# Problems:

### Problem 1: Gender Recognition by Voice

From the description file at https://data.world/ml-research/gender-recognition-by-voice:

In order to analyze gender by voice and speech, a training database was required. A database was built using thousands of samples of male and female voices, each labeled by their gender of male or female.
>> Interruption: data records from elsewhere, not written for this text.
section \<open>Connected graphs with at most two internal vertices\<close>

lemma edge_without_internal_vertex_spans:
  assumes G: "simple_graph V E" and conn: "connected_graph V E"
    and "e \<in> E" "e \<inter> internal_vertices V E = {}"
  shows "e = V"
proof -
  obtain p q where pq: "e = {p, q}" "p \<noteq> q"
    using assms(3) G unfolding simple_graph_def by (auto simp: card_2_iff)
  then have "adj E p q" using assms(3) unfolding adj_def by simp
  note pqV = simple_graph_adjD(1,2)[OF G this]
  have closed: "s \<in> e" if "t \<in> e" "adj E t s" for t s
  proof (rule ccontr)
    assume "s \<notin> e"
    then have "t \<in> internal_vertices V E"
      using that pq \<open>adj E p q\<close> adj_sym internal_vertices_iff[OF G] pqV by (metis insert_iff singletonD)
    then show False using that(1) assms(4) by blast
  qed
  have "w \<in> e" if "w \<in> V" for w
  proof -
    have "(adj E)\<^sup>*\<^sup>* p w" using conn pqV that unfolding connected_graph_def by blast
    then show ?thesis using closed by (induction rule: rtranclp_induct) (auto simp: pq)
  qed
  moreover have "e \<subseteq> V" using pq pqV by simp
  ultimately show ?thesis by blast
qed

lemma adj_if_internal_vertices_pair:
  assumes G: "simple_graph V E" and conn: "connected_graph V E"
    and I: "internal_vertices V E = {a, b}" "a \<noteq> b"
  shows "adj E a b"
proof (rule ccontr)
  assume not_adj: "\<not> adj E a b"
  let ?S = "insert a {t. adj E a t}"
  have closed: "s \<in> ?S" if "t \<in> ?S" "adj E t s" for t s
  proof (cases "t = a")
    case False
    show ?thesis
    proof (rule ccontr)
      assume "s \<notin> ?S"
      then have "adj E t a" "adj E t s" "a \<noteq> s" using that False adj_sym by auto
      then have "t \<in> internal_vertices V E"
        using internal_vertices_iff[OF G] simple_graph_adjD(1)[OF G] by blast
      then show False using I False not_adj that(1) by auto
    qed
  qed (use that in simp)
  have "a \<in> V" "b \<in> V" using I unfolding internal_vertices_def by auto
  then have "(adj E)\<^sup>*\<^sup>* a b" using conn unfolding connected_graph_def by blast
  then have "b \<in> ?S" using closed by (induction rule: rtranclp_induct) auto
  then show False using not_adj I(2) by simp
qed

lemma vertex_decomposable_NC_if_internal_le_2:
  assumes G: "simple_graph V E" and "V \<noteq> {}" "no_isolated_vertices V E"
    and conn: "connected_graph V E" and "card (internal_vertices V E) \<le> 2"
  shows "vertex_decomposable (NC V E)"
proof -
  let ?I = "internal_vertices V E"
  have finV: "finite V" and finE: "finite E" and finI: "finite ?I"
    using G simple_graph_finite_edges unfolding simple_graph_def internal_vertices_def by auto
  obtain v where "v \<in> V" using assms(2) by blast
  then obtain e\<^sub>0 where "e\<^sub>0 \<in> E" using edge_at_vertex[OF assms(3)] by blast
  have meets: "e \<inter> ?I \<noteq> {} \<or> e = V" if "e \<in> E" for e
    using edge_without_internal_vertex_spans[OF G conn that] by blast
  have "card ?I = 0 \<or> card ?I = 1 \<or> card ?I = 2" using assms(5) by linarith
  then consider "?I = {}" | c where "?I = {c}" | a b where "?I = {a, b}" "a \<noteq> b"
    using finI by (auto simp: card_1_singleton_iff card_2_iff)
  then show ?thesis
  proof cases
    case 1
    then have "e = V" if "e \<in> E" for e using meets that by blast
    then have "E = {e\<^sub>0}" "e\<^sub>0 \<subseteq> V" using \<open>e\<^sub>0 \<in> E\<close> by auto
    then show ?thesis using NC_single_edge[of e\<^sub>0 V] vertex_decomposable.simplex[of "V - e\<^sub>0"] finV by simp
  next
    case (2 c)
    then have "c \<in> V" unfolding internal_vertices_def by blast
    then have c: "c \<in> e" if "e \<in> E" for e using meets[OF that] 2 by auto
    have "\<exists>l\<in>V. l \<noteq> c \<and> e = {c, l}" if "e \<in> E" for e
      using simple_graph_edge_eq[OF G that c[OF that]] by blast
    then show ?thesis
      by (intro vertex_decomposable_NC_star[OF finE _ finV \<open>c \<in> V\<close>]) (use \<open>e\<^sub>0 \<in> E\<close> in auto)
  next
    case (3 a b)
    then have "a \<in> V" unfolding internal_vertices_def by blast
    then have "a \<in> e \<or> b \<in> e" if "e \<in> E" for e using meets[OF that] 3 by auto
    moreover obtain f where "f \<in> E" "a \<notin> f"
      using edge_avoiding_at_internal[OF G, of b a] 3 by blast
    ultimately show ?thesis
      using vertex_decomposable_NC_double_star[OF G adj_if_internal_vertices_pair[OF G conn 3]]
      by blast
  qed
qed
Voice samples were collected from the following resources:

*  [The Harvard-Haskins Database of Regularly-Timed Speech](http://nsi.wegall.net/)
*  Telecommunications & Signal Processing Laboratory (TSP) Speech Database at McGill University
*  [VoxForge Speech Corpus](http://www.repository.voxforge1.org/downloads/SpeechCorpus/Trunk/Audio/Main/8kHz_16bit/)
*  [Festvox CMU_ARCTIC Speech Database at Carnegie Mellon University](http://festvox.org/cmu_arctic/dbs_awb.html)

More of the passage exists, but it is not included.